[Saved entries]
◆ ◆ ◆
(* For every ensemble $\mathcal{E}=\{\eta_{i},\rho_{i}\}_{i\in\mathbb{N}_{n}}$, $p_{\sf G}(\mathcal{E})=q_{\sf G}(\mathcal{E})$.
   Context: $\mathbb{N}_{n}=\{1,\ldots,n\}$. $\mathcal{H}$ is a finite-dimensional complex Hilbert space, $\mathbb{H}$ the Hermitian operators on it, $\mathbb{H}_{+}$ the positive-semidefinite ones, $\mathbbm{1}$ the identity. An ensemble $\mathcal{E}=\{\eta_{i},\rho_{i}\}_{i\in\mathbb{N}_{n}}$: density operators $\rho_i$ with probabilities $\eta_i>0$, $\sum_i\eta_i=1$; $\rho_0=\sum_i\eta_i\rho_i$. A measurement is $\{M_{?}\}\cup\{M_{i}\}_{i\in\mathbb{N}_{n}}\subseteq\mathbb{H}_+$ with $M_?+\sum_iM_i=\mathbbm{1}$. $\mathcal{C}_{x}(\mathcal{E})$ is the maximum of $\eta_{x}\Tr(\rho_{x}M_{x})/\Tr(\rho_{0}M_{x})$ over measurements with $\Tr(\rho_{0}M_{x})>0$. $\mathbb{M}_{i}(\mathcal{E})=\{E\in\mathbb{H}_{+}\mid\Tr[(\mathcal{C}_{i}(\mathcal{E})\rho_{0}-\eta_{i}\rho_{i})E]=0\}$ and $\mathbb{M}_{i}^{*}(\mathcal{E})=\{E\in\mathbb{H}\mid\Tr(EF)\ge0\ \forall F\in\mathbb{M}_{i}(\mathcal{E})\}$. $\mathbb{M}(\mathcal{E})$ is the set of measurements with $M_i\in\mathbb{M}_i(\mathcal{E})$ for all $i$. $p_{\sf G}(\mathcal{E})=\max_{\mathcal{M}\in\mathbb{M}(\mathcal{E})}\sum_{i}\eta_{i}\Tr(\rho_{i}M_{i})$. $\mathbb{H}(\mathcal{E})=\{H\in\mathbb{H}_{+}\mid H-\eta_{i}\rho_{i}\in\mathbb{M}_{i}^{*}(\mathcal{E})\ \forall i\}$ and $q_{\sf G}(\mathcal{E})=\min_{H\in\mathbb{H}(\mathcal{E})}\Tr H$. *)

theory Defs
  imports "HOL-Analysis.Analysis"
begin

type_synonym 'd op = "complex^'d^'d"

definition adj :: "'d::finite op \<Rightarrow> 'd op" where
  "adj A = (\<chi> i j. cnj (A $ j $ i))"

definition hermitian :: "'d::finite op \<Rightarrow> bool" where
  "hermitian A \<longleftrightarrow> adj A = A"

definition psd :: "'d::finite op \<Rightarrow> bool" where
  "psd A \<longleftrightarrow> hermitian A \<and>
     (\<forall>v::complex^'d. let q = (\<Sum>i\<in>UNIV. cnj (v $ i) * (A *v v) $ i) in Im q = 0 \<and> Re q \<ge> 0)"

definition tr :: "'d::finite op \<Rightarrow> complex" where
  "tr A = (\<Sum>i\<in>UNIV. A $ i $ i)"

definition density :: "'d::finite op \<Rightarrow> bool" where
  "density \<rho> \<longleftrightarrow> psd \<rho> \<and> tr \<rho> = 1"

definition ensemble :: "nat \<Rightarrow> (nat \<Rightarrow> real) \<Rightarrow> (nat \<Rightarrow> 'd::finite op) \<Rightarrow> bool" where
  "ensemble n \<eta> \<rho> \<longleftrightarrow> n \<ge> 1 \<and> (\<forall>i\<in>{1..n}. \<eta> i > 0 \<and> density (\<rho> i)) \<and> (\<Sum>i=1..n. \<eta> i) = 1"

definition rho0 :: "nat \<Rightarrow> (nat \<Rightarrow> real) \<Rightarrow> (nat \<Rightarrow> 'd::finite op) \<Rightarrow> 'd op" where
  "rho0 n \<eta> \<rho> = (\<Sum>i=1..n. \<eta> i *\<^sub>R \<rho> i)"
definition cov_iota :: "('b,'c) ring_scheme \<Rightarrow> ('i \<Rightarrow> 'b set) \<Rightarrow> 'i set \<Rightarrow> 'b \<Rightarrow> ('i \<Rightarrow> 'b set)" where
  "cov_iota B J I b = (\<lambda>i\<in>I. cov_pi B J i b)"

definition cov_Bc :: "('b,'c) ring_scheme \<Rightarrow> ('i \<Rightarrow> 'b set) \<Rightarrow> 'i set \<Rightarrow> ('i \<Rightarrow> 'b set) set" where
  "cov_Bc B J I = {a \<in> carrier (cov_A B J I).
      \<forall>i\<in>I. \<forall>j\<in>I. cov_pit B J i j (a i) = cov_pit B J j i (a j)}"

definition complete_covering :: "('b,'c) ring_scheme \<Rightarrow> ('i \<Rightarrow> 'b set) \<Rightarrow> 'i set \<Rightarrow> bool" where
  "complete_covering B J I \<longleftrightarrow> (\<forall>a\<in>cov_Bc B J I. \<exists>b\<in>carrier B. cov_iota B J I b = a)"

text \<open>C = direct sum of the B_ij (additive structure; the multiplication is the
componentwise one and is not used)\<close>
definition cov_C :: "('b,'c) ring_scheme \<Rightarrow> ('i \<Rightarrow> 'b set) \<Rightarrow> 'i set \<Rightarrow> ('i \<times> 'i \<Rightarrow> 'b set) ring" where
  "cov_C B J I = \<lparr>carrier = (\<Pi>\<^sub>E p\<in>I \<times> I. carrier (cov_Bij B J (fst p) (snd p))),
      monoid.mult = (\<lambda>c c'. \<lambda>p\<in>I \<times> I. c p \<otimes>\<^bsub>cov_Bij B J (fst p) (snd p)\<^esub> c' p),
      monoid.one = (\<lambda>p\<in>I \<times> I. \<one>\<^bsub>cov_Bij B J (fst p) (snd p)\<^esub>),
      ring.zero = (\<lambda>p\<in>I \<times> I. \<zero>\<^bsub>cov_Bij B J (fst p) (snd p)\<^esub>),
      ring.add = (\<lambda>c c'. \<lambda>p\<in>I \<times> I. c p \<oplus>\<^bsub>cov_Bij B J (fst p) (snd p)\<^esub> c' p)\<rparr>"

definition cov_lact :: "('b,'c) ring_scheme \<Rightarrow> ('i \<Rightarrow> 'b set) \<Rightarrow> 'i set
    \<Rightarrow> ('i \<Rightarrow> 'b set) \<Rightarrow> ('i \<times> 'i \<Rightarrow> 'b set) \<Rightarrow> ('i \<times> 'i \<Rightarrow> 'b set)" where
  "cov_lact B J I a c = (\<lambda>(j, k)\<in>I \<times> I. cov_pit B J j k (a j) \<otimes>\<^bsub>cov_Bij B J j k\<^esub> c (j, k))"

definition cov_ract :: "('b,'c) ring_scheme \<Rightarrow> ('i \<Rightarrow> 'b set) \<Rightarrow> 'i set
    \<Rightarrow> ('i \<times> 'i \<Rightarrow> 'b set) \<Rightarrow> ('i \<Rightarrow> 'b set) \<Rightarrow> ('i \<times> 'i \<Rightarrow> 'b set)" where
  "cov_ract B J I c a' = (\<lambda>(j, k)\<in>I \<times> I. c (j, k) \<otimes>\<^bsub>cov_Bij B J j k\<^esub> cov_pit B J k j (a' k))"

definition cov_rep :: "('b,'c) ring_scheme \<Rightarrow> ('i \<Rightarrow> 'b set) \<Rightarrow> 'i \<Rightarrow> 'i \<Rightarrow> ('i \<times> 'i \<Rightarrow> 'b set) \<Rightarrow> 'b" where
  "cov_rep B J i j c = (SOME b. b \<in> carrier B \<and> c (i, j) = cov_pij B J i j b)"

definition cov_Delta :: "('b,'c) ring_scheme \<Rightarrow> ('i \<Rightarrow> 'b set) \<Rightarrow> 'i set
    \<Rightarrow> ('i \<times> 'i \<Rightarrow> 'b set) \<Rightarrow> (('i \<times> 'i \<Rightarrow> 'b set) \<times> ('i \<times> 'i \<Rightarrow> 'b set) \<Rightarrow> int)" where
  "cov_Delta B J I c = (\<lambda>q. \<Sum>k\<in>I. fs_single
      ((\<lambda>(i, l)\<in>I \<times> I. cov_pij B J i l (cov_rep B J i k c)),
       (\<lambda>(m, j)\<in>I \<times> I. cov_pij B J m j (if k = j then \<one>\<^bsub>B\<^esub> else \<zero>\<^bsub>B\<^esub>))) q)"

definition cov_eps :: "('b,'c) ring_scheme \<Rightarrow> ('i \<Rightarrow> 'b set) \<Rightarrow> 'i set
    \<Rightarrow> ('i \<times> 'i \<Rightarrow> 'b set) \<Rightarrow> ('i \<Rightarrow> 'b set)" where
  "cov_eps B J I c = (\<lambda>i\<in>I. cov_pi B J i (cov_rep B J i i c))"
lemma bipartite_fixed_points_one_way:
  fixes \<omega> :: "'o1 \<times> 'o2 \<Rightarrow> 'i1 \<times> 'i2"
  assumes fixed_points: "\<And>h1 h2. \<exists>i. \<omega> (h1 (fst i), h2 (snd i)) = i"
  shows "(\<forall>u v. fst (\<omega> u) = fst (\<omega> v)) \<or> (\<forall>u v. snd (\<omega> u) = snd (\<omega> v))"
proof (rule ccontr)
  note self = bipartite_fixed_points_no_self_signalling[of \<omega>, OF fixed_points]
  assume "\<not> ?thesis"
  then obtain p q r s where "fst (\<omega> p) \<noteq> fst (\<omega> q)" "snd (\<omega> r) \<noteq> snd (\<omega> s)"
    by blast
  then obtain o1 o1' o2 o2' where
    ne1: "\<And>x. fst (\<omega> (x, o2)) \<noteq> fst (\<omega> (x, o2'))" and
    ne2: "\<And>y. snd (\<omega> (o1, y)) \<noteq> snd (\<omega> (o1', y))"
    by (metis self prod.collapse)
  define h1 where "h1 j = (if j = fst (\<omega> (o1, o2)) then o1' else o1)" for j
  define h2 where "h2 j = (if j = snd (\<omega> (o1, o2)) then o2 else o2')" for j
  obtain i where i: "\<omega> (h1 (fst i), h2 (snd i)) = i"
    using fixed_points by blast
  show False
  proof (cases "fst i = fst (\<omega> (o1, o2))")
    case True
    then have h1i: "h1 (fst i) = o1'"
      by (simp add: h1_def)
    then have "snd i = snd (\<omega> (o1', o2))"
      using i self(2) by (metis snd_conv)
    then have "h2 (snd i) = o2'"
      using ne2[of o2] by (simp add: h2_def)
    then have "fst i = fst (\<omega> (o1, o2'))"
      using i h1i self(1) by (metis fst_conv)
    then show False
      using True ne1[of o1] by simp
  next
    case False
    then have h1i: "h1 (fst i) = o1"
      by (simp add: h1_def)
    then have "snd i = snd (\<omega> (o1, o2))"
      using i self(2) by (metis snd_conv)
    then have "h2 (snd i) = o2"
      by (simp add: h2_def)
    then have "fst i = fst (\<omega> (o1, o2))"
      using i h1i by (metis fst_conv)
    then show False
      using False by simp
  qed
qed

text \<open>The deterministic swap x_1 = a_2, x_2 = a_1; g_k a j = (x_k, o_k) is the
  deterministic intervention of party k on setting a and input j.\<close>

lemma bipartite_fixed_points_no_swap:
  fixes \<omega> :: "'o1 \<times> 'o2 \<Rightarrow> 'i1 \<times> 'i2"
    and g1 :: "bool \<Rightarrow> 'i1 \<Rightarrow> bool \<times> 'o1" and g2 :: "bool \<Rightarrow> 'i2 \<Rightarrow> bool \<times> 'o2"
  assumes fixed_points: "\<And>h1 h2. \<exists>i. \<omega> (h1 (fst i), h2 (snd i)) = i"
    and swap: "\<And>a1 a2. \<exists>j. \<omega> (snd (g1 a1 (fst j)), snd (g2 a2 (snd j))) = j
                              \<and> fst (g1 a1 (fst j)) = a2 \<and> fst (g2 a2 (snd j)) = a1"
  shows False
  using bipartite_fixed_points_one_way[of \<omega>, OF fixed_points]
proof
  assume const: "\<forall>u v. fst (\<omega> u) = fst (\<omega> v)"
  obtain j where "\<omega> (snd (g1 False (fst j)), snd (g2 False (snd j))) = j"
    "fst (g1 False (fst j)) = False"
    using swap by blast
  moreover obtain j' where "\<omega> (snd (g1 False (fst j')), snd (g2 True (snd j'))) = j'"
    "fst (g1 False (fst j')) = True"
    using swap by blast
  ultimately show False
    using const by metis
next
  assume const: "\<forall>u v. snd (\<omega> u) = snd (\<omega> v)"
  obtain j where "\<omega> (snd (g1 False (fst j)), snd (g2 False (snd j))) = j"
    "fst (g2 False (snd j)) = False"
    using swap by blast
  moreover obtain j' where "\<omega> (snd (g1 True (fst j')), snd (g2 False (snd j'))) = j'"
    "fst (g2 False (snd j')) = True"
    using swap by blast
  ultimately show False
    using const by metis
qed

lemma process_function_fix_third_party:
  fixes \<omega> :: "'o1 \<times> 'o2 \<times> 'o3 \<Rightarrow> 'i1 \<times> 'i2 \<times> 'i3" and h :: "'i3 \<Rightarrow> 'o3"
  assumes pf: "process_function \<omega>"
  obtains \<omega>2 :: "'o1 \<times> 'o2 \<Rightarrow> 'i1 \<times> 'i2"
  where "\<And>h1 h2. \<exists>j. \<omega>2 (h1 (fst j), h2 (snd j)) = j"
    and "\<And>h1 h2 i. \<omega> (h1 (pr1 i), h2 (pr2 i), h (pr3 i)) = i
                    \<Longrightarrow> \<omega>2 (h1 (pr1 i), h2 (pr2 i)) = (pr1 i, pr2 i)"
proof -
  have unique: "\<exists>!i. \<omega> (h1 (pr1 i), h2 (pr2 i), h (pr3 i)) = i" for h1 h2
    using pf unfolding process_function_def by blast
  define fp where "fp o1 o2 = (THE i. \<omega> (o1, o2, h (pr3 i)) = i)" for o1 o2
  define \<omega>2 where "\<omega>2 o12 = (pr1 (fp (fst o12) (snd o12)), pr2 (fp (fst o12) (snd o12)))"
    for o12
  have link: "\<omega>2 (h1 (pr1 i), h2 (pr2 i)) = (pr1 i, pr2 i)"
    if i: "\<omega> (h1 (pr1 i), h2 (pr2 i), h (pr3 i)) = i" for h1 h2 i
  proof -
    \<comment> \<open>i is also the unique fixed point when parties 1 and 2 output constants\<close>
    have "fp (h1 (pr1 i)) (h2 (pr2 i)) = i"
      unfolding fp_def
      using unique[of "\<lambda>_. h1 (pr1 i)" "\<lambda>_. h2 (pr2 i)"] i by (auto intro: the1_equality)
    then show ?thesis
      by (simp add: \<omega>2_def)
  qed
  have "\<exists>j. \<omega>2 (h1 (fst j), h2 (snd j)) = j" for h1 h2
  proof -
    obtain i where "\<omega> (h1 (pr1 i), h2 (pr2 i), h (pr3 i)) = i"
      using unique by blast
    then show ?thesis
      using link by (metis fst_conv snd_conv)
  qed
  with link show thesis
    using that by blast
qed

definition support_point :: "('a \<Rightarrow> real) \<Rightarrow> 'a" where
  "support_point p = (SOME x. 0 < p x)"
◆ ◆ ◆
[Exercise prompt]
For each line in the data that holds the word "shows", copy the line.

[Output]
  shows "(\<forall>u v. fst (\<omega> u) = fst (\<omega> v)) \<or> (\<forall>u v. snd (\<omega> u) = snd (\<omega> v))"
  shows False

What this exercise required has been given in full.